[[ Data listing open ]]
(* For $0\le r\le\min\{m,n\}$, the monomials $\mathfrak{m}(\mathcal{R})$ for $\mathcal{R}\in\bigsqcup_{d=0}^{r}\mathcal{Z}_{n,m,d}$ descend to a spanning set of $R(\mathcal{Z}_{n,m,r})$. In particular $R(\mathcal{Z}_{n,m,r})_d=\{0\}$ for $d>r$.
   Context: Fix positive integers $n,m$. $\mathbb{C}[\mathbf{x}_{n\times m}]$ is the polynomial ring in variables $x_{i,j}$ ($1\le i\le n,1\le j\le m$). For finite $\mathcal{Z}\subseteq\mathrm{Mat}_{n\times m}(\mathbb{C})$, $\mathbf{I}(\mathcal{Z})$ is its vanishing ideal, $\mathrm{gr}\,\mathbf{I}(\mathcal{Z})$ the ideal generated by top-degree homogeneous components of its nonzero elements, and $R(\mathcal{Z})=\mathbb{C}[\mathbf{x}_{n\times m}]/\mathrm{gr}\,\mathbf{I}(\mathcal{Z})$, graded by degree. A rook placement on the $n\times m$ board is a subset $\mathcal{R}\subseteq[n]\times[m]$ with at most one element in each row and column, identified with its $0/1$ matrix; $\mathcal{Z}_{n,m,d}$ is the set of rook placements with exactly $d$ elements; $\mathfrak{m}(\mathcal{R}):=\prod_{(i,j)\in\mathcal{R}}x_{i,j}$. *)

theory Defs
  imports "HOL-Analysis.Analysis" "HOL-Library.Poly_Mapping"
begin

text \<open>Multivariate polynomials in variables x_(i,j), i,j positive naturals, over the
complex numbers: finitely supported maps from exponent vectors (finitely supported
maps from variable indices (i,j) to exponents) to coefficients.\<close>

type_synonym monom = "(nat \<times> nat) \<Rightarrow>\<^sub>0 nat"
type_synonym mpoly = "monom \<Rightarrow>\<^sub>0 complex"

definition poly_ring :: "nat \<Rightarrow> nat \<Rightarrow> mpoly set" where
  "poly_ring n m = {p. \<forall>a \<in> Poly_Mapping.keys p. Poly_Mapping.keys a \<subseteq> {1..n} \<times> {1..m}}"

text \<open>Matrices are represented as functions of (row, column).\<close>
definition eval_mpoly :: "mpoly \<Rightarrow> (nat \<Rightarrow> nat \<Rightarrow> complex) \<Rightarrow> complex" where
  "eval_mpoly p A = (\<Sum>a\<in>Poly_Mapping.keys p. Poly_Mapping.lookup p a * (\<Prod>v\<in>Poly_Mapping.keys a. A (fst v) (snd v) ^ Poly_Mapping.lookup a v))"

definition mdeg :: "monom \<Rightarrow> nat" where
  "mdeg a = (\<Sum>v\<in>Poly_Mapping.keys a. Poly_Mapping.lookup a v)"

definition pdeg :: "mpoly \<Rightarrow> nat" where
  "pdeg p = Max (mdeg ` Poly_Mapping.keys p)"

definition top_comp :: "mpoly \<Rightarrow> mpoly" where
  "top_comp p = (\<Sum>a\<in>Poly_Mapping.keys p. if mdeg a = pdeg p then Poly_Mapping.single a (Poly_Mapping.lookup p a) else 0)"

definition homogeneous :: "nat \<Rightarrow> mpoly \<Rightarrow> bool" where
  "homogeneous d p \<longleftrightarrow> (\<forall>a\<in>Poly_Mapping.keys p. mdeg a = d)"

definition vanishing_ideal :: "nat \<Rightarrow> nat \<Rightarrow> (nat \<Rightarrow> nat \<Rightarrow> complex) set \<Rightarrow> mpoly set" where
  "vanishing_ideal n m Z = {p \<in> poly_ring n m. \<forall>A\<in>Z. eval_mpoly p A = 0}"

definition ideal_gen :: "nat \<Rightarrow> nat \<Rightarrow> mpoly set \<Rightarrow> mpoly set" where
  "ideal_gen n m S = {p. \<exists>(N::nat) (c::nat \<Rightarrow> mpoly) (f::nat \<Rightarrow> mpoly). (\<forall>k<N. c k \<in> poly_ring n m \<and> f k \<in> S) \<and> p = (\<Sum>k<N. c k * f k)}"

definition gr_ideal :: "nat \<Rightarrow> nat \<Rightarrow> mpoly set \<Rightarrow> mpoly set" where
  "gr_ideal n m I = ideal_gen n m (top_comp ` (I - {0}))"

definition rook_placement :: "nat \<Rightarrow> nat \<Rightarrow> (nat \<times> nat) set \<Rightarrow> bool" where
  "rook_placement n m R \<longleftrightarrow> R \<subseteq> {1..n} \<times> {1..m} \<and>
     (\<forall>i j i' j'. (i, j) \<in> R \<longrightarrow> (i', j') \<in> R \<longrightarrow> (i = i' \<longleftrightarrow> j = j'))"

definition rook_matrix :: "(nat \<times> nat) set \<Rightarrow> nat \<Rightarrow> nat \<Rightarrow> complex" where
  "rook_matrix R i j = (if (i, j) \<in> R then 1 else 0)"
[[ Data listing closed ]]
◆ Task prompt
In the records above, find every line that contains the word "pdeg" and copy it.

◆ Your response
definition pdeg :: "mpoly \<Rightarrow> nat" where
  "pdeg p = Max (mdeg ` Poly_Mapping.keys p)"
  "top_comp p = (\<Sum>a\<in>Poly_Mapping.keys p. if mdeg a = pdeg p then Poly_Mapping.single a (Poly_Mapping.lookup p a) else 0)"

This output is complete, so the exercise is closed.